(Stored data entries)
(* Let $n,k,l\ge1$ and let $\mathbf P:\mathbb R^{n\times k}\to\mathbb R^{n\times l}$ be a permutation equivariant polynomial map. Then $$\mathbf P(\mathbf X)=\sum_{\alpha\in\mathbb N^k,\ |\alpha|\le n}\mathbf b_\alpha\,\mathbf q_\alpha^T,$$ where $\mathbf b_\alpha=(\mathbf x_1^\alpha,\dots,\mathbf x_n^\alpha)^T\in\mathbb R^n$ and $\mathbf q_\alpha=(q_{\alpha,1},\dots,q_{\alpha,l})^T$ with each $q_{\alpha,j}=q_{\alpha,j}(s_1(\mathbf X),\dots,s_t(\mathbf X))$ a polynomial in the $t=\binom{n+k}{k}$ power-sum multi-symmetric polynomials $s_1,\dots,s_t$. Conversely, every polynomial map $\mathbf P$ of this form is permutation equivariant.
   Context: $\mathbf X=(\mathbf x_1,\dots,\mathbf x_n)^T\in\mathbb R^{n\times k}$ with rows $\mathbf x_i\in\mathbb R^k$; $S_n$ acts by $\sigma\cdot\mathbf X=(\mathbf x_{\sigma^{-1}(1)},\dots,\mathbf x_{\sigma^{-1}(n)})^T$, and $\mathbf P$ is permutation equivariant if $\mathbf P(\sigma\cdot\mathbf X)=\sigma\cdot\mathbf P(\mathbf X)$ for all $\sigma\in S_n$. For $\mathbf x\in\mathbb R^k$ and a multi-index $\alpha=(\alpha_1,\dots,\alpha_k)\in\mathbb N^k$, $\mathbf x^\alpha=x_1^{\alpha_1}\cdots x_k^{\alpha_k}$ and $|\alpha|=\sum_i\alpha_i$. Let $\alpha_1,\dots,\alpha_t$ enumerate all multi-indices $\alpha\in\mathbb N^k$ with $|\alpha|\le n$ (there are $t=\binom{n+k}{k}$ of them); the power-sum multi-symmetric polynomials are $s_j(\mathbf X)=\sum_{i=1}^n\mathbf x_i^{\alpha_j}$, $j\in[t]$. *)

theory Defs
  imports "HOL-Analysis.Analysis"
begin

definition poly_fun :: "'v set \<Rightarrow> (('v \<Rightarrow> real) \<Rightarrow> real) \<Rightarrow> bool" where
  "poly_fun V f \<longleftrightarrow> finite V \<and> (\<exists>M c. finite M \<and> (\<forall>m\<in>M. \<forall>v. v \<notin> V \<longrightarrow> m v = 0) \<and>
      (\<forall>y. f y = (\<Sum>m\<in>M. c m * (\<Prod>v\<in>V. y v ^ m v))))"

definition poly_map :: "(real^'k^'n \<Rightarrow> real^'l^'n) \<Rightarrow> bool" where
  "poly_map P \<longleftrightarrow> (\<forall>i c. poly_fun (UNIV :: ('n \<times> 'k) set)
      (\<lambda>y. P (\<chi> i' r. y (i', r)) $ i $ c))"

definition perm_rows :: "('n \<Rightarrow> 'n) \<Rightarrow> 'a^'n \<Rightarrow> 'a^'n" where
  "perm_rows \<sigma> X = (\<chi> i. X $ (inv \<sigma> i))"

definition perm_equivariant :: "(real^'k^'n \<Rightarrow> real^'l^'n) \<Rightarrow> bool" where
  "perm_equivariant P \<longleftrightarrow>
     (\<forall>\<sigma> X. \<sigma> permutes (UNIV :: 'n set) \<longrightarrow> P (perm_rows \<sigma> X) = perm_rows \<sigma> (P X))"

definition mono_pow :: "real^'k \<Rightarrow> ('k \<Rightarrow> nat) \<Rightarrow> real" where
  "mono_pow x \<alpha> = (\<Prod>r\<in>UNIV. (x $ r) ^ \<alpha> r)"

definition multi_indices :: "nat \<Rightarrow> ('k::finite \<Rightarrow> nat) set" where
  "multi_indices n = {\<alpha>. (\<Sum>r\<in>UNIV. \<alpha> r) \<le> n}"

definition power_sum :: "('k \<Rightarrow> nat) \<Rightarrow> real^'k^'n \<Rightarrow> real" where
  "power_sum \<alpha> X = (\<Sum>i\<in>UNIV. mono_pow (X $ i) \<alpha>)"

definition power_sum_form :: "(real^'k^'n \<Rightarrow> real^'l^'n) \<Rightarrow> bool" where
  "power_sum_form P \<longleftrightarrow> (\<exists>q :: ('k \<Rightarrow> nat) \<Rightarrow> 'l \<Rightarrow> ((('k \<Rightarrow> nat) \<Rightarrow> real) \<Rightarrow> real).
     (\<forall>\<alpha> j. poly_fun (multi_indices CARD('n)) (q \<alpha> j)) \<and>
     (\<forall>X. P X = (\<chi> i j. \<Sum>\<alpha>\<in>multi_indices CARD('n).
                     mono_pow (X $ i) \<alpha> * q \<alpha> j (\<lambda>\<beta>. power_sum \<beta> X))))"

end

theory Submission
  imports Defs "HOL-Library.Function_Algebras"
begin

(* Fix a row i and let M_i(d) (row_module i d) consist of the functions
   sum_{|alpha| < d} x_i^alpha q_alpha(X) whose coefficients q_alpha are polynomials in the power
   sums s_beta, |beta| <= n.

   For exponents a_j (j in J) let T_J(a) (aug_monomial) be the sum of prod_j x_{phi j}^{a_j} over the
   injections phi of J into the n - 1 rows other than i. Adding one index gives a recursion in which
   sum_{l ~= i} x_l^e = s_e - x_i^e appears, so modulo lower powers of x_i every other row acts like -x_i,
   and T_J(a) = (-1)^|J| |J|! x_i^(sum a) mod M_i(|sum a|). For |J| = n there are no injections at all,
   so every x_i^delta with |delta| = n lies in M_i(n); by induction on the degree every monomial of
   row i lies in M_i(n + 1), which is therefore closed under products. Summing the expansion of x_i^gamma
   over all rows writes every power sum through those of degree <= n, and then the recursion puts every
   T_J(a) into M_i(n + 1).

   A polynomial invariant under the permutations fixing row i equals its average over them, which is
   sum_m c_m x_i^(m_i) T(m); so it lies in M_i(n + 1). For an equivariant P this applies to the entries
   of row i, and equivariance carries the expansion to every other row with the same coefficients.
   The converse direction is the permutation invariance of the power sums. *)


section \<open>Polynomial functions\<close>

lemma poly_funI:
  fixes m :: "'i \<Rightarrow> 'v \<Rightarrow> nat"
  assumes "finite V" "finite I" "\<And>i v. i \<in> I \<Longrightarrow> v \<notin> V \<Longrightarrow> m i v = 0"
    and "\<And>y. f y = (\<Sum>i\<in>I. c i * (\<Prod>v\<in>V. y v ^ m i v))"
  shows "poly_fun V f"
proof -
  define c' where "c' \<mu> = (\<Sum>i\<in>{i\<in>I. m i = \<mu>}. c i)" for \<mu>
  have "f y = (\<Sum>\<mu>\<in>m ` I. c' \<mu> * (\<Prod>v\<in>V. y v ^ \<mu> v))" for y
  proof -
    have "f y = (\<Sum>\<mu>\<in>m ` I. \<Sum>i\<in>{i\<in>I. m i = \<mu>}. c i * (\<Prod>v\<in>V. y v ^ m i v))"
      unfolding assms(4) using assms(2) by (rule sum.image_gen)
    also have "\<dots> = (\<Sum>\<mu>\<in>m ` I. c' \<mu> * (\<Prod>v\<in>V. y v ^ \<mu> v))"
      unfolding c'_def sum_distrib_right by (intro sum.cong refl) auto
    finally show ?thesis .
  qed
  then show ?thesis
    unfolding poly_fun_def using assms by (intro conjI exI[of _ "m ` I"] exI[of _ c']) auto
qed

▶ [Work task]: Leaving nothing out, print each line above exactly.

▶ [Response area]:
(* Let $n,k,l\ge1$ and let $\mathbf P:\mathbb R^{n\times k}\to\mathbb R^{n\times l}$ be a permutation equivariant polynomial map. Then $$\mathbf P(\mathbf X)=\sum_{\alpha\in\mathbb N^k,\ |\alpha|\le n}\mathbf b_\alpha\,\mathbf q_\alpha^T,$$ where $\mathbf b_\alpha=(\mathbf x_1^\alpha,\dots,\mathbf x_n^\alpha)^T\in\mathbb R^n$ and $\mathbf q_\alpha=(q_{\alpha,1},\dots,q_{\alpha,l})^T$ with each $q_{\alpha,j}=q_{\alpha,j}(s_1(\mathbf X),\dots,s_t(\mathbf X))$ a polynomial in the $t=\binom{n+k}{k}$ power-sum multi-symmetric polynomials $s_1,\dots,s_t$. Conversely, every polynomial map $\mathbf P$ of this form is permutation equivariant.
   Context: $\mathbf X=(\mathbf x_1,\dots,\mathbf x_n)^T\in\mathbb R^{n\times k}$ with rows $\mathbf x_i\in\mathbb R^k$; $S_n$ acts by $\sigma\cdot\mathbf X=(\mathbf x_{\sigma^{-1}(1)},\dots,\mathbf x_{\sigma^{-1}(n)})^T$, and $\mathbf P$ is permutation equivariant if $\mathbf P(\sigma\cdot\mathbf X)=\sigma\cdot\mathbf P(\mathbf X)$ for all $\sigma\in S_n$. For $\mathbf x\in\mathbb R^k$ and a multi-index $\alpha=(\alpha_1,\dots,\alpha_k)\in\mathbb N^k$, $\mathbf x^\alpha=x_1^{\alpha_1}\cdots x_k^{\alpha_k}$ and $|\alpha|=\sum_i\alpha_i$. Let $\alpha_1,\dots,\alpha_t$ enumerate all multi-indices $\alpha\in\mathbb N^k$ with $|\alpha|\le n$ (there are $t=\binom{n+k}{k}$ of them); the power-sum multi-symmetric polynomials are $s_j(\mathbf X)=\sum_{i=1}^n\mathbf x_i^{\alpha_j}$, $j\in[t]$. *)

theory Defs
  imports "HOL-Analysis.Analysis"
begin

definition poly_fun :: "'v set \<Rightarrow> (('v \<Rightarrow> real) \<Rightarrow> real) \<Rightarrow> bool" where
  "poly_fun V f \<longleftrightarrow> finite V \<and> (\<exists>M c. finite M \<and> (\<forall>m\<in>M. \<forall>v. v \<notin> V \<longrightarrow> m v = 0) \<and>
      (\<forall>y. f y = (\<Sum>m\<in>M. c m * (\<Prod>v\<in>V. y v ^ m v))))"

definition poly_map :: "(real^'k^'n \<Rightarrow> real^'l^'n) \<Rightarrow> bool" where
  "poly_map P \<longleftrightarrow> (\<forall>i c. poly_fun (UNIV :: ('n \<times> 'k) set)
      (\<lambda>y. P (\<chi> i' r. y (i', r)) $ i $ c))"

definition perm_rows :: "('n \<Rightarrow> 'n) \<Rightarrow> 'a^'n \<Rightarrow> 'a^'n" where
  "perm_rows \<sigma> X = (\<chi> i. X $ (inv \<sigma> i))"

definition perm_equivariant :: "(real^'k^'n \<Rightarrow> real^'l^'n) \<Rightarrow> bool" where
  "perm_equivariant P \<longleftrightarrow>
     (\<forall>\<sigma> X. \<sigma> permutes (UNIV :: 'n set) \<longrightarrow> P (perm_rows \<sigma> X) = perm_rows \<sigma> (P X))"

definition mono_pow :: "real^'k \<Rightarrow> ('k \<Rightarrow> nat) \<Rightarrow> real" where
  "mono_pow x \<alpha> = (\<Prod>r\<in>UNIV. (x $ r) ^ \<alpha> r)"

definition multi_indices :: "nat \<Rightarrow> ('k::finite \<Rightarrow> nat) set" where
  "multi_indices n = {\<alpha>. (\<Sum>r\<in>UNIV. \<alpha> r) \<le> n}"

definition power_sum :: "('k \<Rightarrow> nat) \<Rightarrow> real^'k^'n \<Rightarrow> real" where
  "power_sum \<alpha> X = (\<Sum>i\<in>UNIV. mono_pow (X $ i) \<alpha>)"

definition power_sum_form :: "(real^'k^'n \<Rightarrow> real^'l^'n) \<Rightarrow> bool" where
  "power_sum_form P \<longleftrightarrow> (\<exists>q :: ('k \<Rightarrow> nat) \<Rightarrow> 'l \<Rightarrow> ((('k \<Rightarrow> nat) \<Rightarrow> real) \<Rightarrow> real).
     (\<forall>\<alpha> j. poly_fun (multi_indices CARD('n)) (q \<alpha> j)) \<and>
     (\<forall>X. P X = (\<chi> i j. \<Sum>\<alpha>\<in>multi_indices CARD('n).
                     mono_pow (X $ i) \<alpha> * q \<alpha> j (\<lambda>\<beta>. power_sum \<beta> X))))"

end

theory Submission
  imports Defs "HOL-Library.Function_Algebras"
begin

(* Fix a row i and let M_i(d) (row_module i d) consist of the functions
   sum_{|alpha| < d} x_i^alpha q_alpha(X) whose coefficients q_alpha are polynomials in the power
   sums s_beta, |beta| <= n.

   For exponents a_j (j in J) let T_J(a) (aug_monomial) be the sum of prod_j x_{phi j}^{a_j} over the
   injections phi of J into the n - 1 rows other than i. Adding one index gives a recursion in which
   sum_{l ~= i} x_l^e = s_e - x_i^e appears, so modulo lower powers of x_i every other row acts like -x_i,
   and T_J(a) = (-1)^|J| |J|! x_i^(sum a) mod M_i(|sum a|). For |J| = n there are no injections at all,
   so every x_i^delta with |delta| = n lies in M_i(n); by induction on the degree every monomial of
   row i lies in M_i(n + 1), which is therefore closed under products. Summing the expansion of x_i^gamma
   over all rows writes every power sum through those of degree <= n, and then the recursion puts every
   T_J(a) into M_i(n + 1).

   A polynomial invariant under the permutations fixing row i equals its average over them, which is
   sum_m c_m x_i^(m_i) T(m); so it lies in M_i(n + 1). For an equivariant P this applies to the entries
   of row i, and equivariance carries the expansion to every other row with the same coefficients.
   The converse direction is the permutation invariance of the power sums. *)


section \<open>Polynomial functions\<close>

lemma poly_funI:
  fixes m :: "'i \<Rightarrow> 'v \<Rightarrow> nat"
  assumes "finite V" "finite I" "\<And>i v. i \<in> I \<Longrightarrow> v \<notin> V \<Longrightarrow> m i v = 0"
    and "\<And>y. f y = (\<Sum>i\<in>I. c i * (\<Prod>v\<in>V. y v ^ m i v))"
  shows "poly_fun V f"
proof -
  define c' where "c' \<mu> = (\<Sum>i\<in>{i\<in>I. m i = \<mu>}. c i)" for \<mu>
  have "f y = (\<Sum>\<mu>\<in>m ` I. c' \<mu> * (\<Prod>v\<in>V. y v ^ \<mu> v))" for y
  proof -
    have "f y = (\<Sum>\<mu>\<in>m ` I. \<Sum>i\<in>{i\<in>I. m i = \<mu>}. c i * (\<Prod>v\<in>V. y v ^ m i v))"
      unfolding assms(4) using assms(2) by (rule sum.image_gen)
    also have "\<dots> = (\<Sum>\<mu>\<in>m ` I. c' \<mu> * (\<Prod>v\<in>V. y v ^ \<mu> v))"
      unfolding c'_def sum_distrib_right by (intro sum.cong refl) auto
    finally show ?thesis .
  qed
  then show ?thesis
    unfolding poly_fun_def using assms by (intro conjI exI[of _ "m ` I"] exI[of _ c']) auto
qed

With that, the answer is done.